Question

The oxidation number of Mn in the product of alkaline oxidative fusion of $Mn{O}_2$ is:

Answer 1

Hint: Reaction that takes place in the alkaline oxidative fusion of $Mn{O}_2$ is,$$2Mn{O}_2+4KOH+O_2\to K_{2}Mn{O}_4+2H_{2}O$$, Here the product of alkaline oxidative fusion will be $K_{2}Mn{O}_4$ or $Mn{O_4}^{2-}$. The two negative charges given here it not the charge on the oxygen atom it is the charge of the whole element,$K_{2}Mn{O}_4$.

Complete answer:
From your chemistry lessons you have learned about the oxidation number and what is alkaline oxidative fusion.
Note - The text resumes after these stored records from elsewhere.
lemma cstar_L_if_summable_defects:
  assumes d: "d \<ge> 1" and Tb: "bounded_op d T" and band: "has_band T b"
    and cs: "summable c" and cnn: "\<And>k. c k \<ge> 0"
    and defect_bound: "\<And>k. k \<ge> k\<^sub>0 \<Longrightarrow> level_bound d (defect T k) (Suc k) (c k)"
  shows "T \<in> cstar_L d"
  unfolding cstar_L_def
proof (intro CollectI conjI Tb allI impI)
  fix e :: real assume e: "e > 0"
  define K where "K = sqrt (real (2*b+1))"
  have K: "K \<ge> 1" unfolding K_def by simp
  obtain N' where N': "\<And>n. n \<ge> N' \<Longrightarrow> norm (\<Sum>i. c (i + n)) < e / K"
    using suminf_exist_split[OF _ cs, of "e / K"] e K by auto
  define N where "N = max k\<^sub>0 N'"
  define \<delta> where "\<delta> = (\<Sum>i. c (i + N))"
  have cs': "summable (\<lambda>i. c (i + N))" by (rule summable_ignore_initial_segment[OF cs])
  have \<delta>0: "\<delta> \<ge> 0" unfolding \<delta>_def by (rule suminf_nonneg[OF cs']) (rule cnn)
  have \<delta>e: "\<delta> < e / K" using N'[of N] \<delta>0 unfolding \<delta>_def N_def by auto
  have tail: "(\<Sum>k\<in>{N..<n}. c k) \<le> \<delta>" for n
  proof (cases "N \<le> n")
    case True
    have "(\<Sum>k\<in>{N..<n}. c k) = (\<Sum>i<n-N. c (i + N))"
      using sum.shift_bounds_nat_ivl[of c 0 N "n-N"] True by (simp add: atLeast0LessThan)
    also have "\<dots> \<le> \<delta>" unfolding \<delta>_def by (rule sum_le_suminf[OF cs']) (auto simp: cnn)
    finally show ?thesis .
  qed (use \<delta>0 in simp)
  have "level_bound d (\<lambda>w v. T w v - approximant d T b N w v) n \<delta>" for n
    using approximant_error_level_bound[OF band, where N = N and c = c and n = n] defect_bound tail
    by (auto simp: N_def intro: level_bound_mono)
  hence "op_bound d (\<lambda>w v. T w v - approximant d T b N w v) (K * \<delta>)"
    unfolding K_def using approximant_error_band[OF band] \<delta>0
    by (intro op_bound_of_band_level_bound) auto
  hence "opnorm d (\<lambda>w v. T w v - approximant d T b N w v) \<le> K * \<delta>" by (rule opnorm_le)
  also have "K * \<delta> < e" using \<delta>e K by (simp add: pos_less_divide_eq mult.commute)
  finally show "\<exists>S\<in>star_alg_L d. opnorm d (\<lambda>w v. T w v - S w v) < e"
    using approximant_in_star_alg[OF d] by blast
qed

section \<open>Defects as commutators with the right creation operators\<close>

text \<open>strip_in M j = M R_j^* and strip_out M j = R_j M.\<close>
definition strip_in :: "mat \<Rightarrow> nat \<Rightarrow> mat" where
  "strip_in M j = (\<lambda>w v. if v \<noteq> [] \<and> last v = j then M w (butlast v) else 0)"

definition strip_out :: "mat \<Rightarrow> nat \<Rightarrow> mat" where
  "strip_out M j = (\<lambda>w v. if w \<noteq> [] \<and> last w = j then M (butlast w) v else 0)"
Oxidation number is the imaginary charge which is present in an atom in its combined state because of the real charge or electronegativity difference present on a monatomic ion.
In alkaline oxidative fusion, alkaline refers to the basic condition like use of KOH or NaOH and oxidative states that in a reaction there must be an increase in oxidation number and therefore oxidation has taken place and fusion means the process of combination.
Hence it is a redox reaction in which compounds undergo fusion with themselves only, in the presence of alkali or bases.
In the question we have given that we have to find the alkaline oxidative fusion of $Mn{O}_2$ in the presence of an alkaline solution of KOH.
$$4KOH+2Mn{O}_2+O_2\to 2K_{2}Mn{O}_4+2H_{2}O$$
In the above reaction there is a fusion of $Mn{O}_2$ to $K_{2}Mn{O}_4$ or $Mn{O_4}^{2-}$
Now let us find the oxidation state of Mn in $Mn{O}_2$ of the reactant, Here Oxygen is a negatively charged ligand, we have to find the oxidation no. of Mn so let it be 'X And there no charge on the complex so it is neutral, then
So, the oxidation state of Mn in $Mn{O}_2$ will be,
$X+2\times (-2)=0$
$X=+4$
Here $Mn$ exists in $+4$ state.
Now let us find the oxidation state of Mn in the product ${[Mn{O}_4]}^{2-}$ , Here oxygen is the negatively charged ligand (having 2- charge on it) and the whole complex is anionic because it have two negative charge on it so, let the oxidation state of Mn will be 'X'
So, the oxidation state Mn in ${[Mn{O}_4]}^{2-}$ will be,
$X+4\times (-2)=-2$
$X–8=-2$
$X=+6$
Here, Mn exists in +6 state.

Thus the oxidation state on Mn in the product of alkaline oxidative fusion of $Mn{O}_2$ is +6.

Note:
In the above reaction the oxidation state of Mn changes from +4 to +6 oxidation state. We can write $K_{2}Mn{O}_4$ as ${[Mn{O}_4]}^{-2}$ because if you break the complex K (potassium) will have +2 charge on it and rest will have negative charge on it (-2) and behave as an anionic complex. The oxidation of Mn will happen only in the presence of KOH.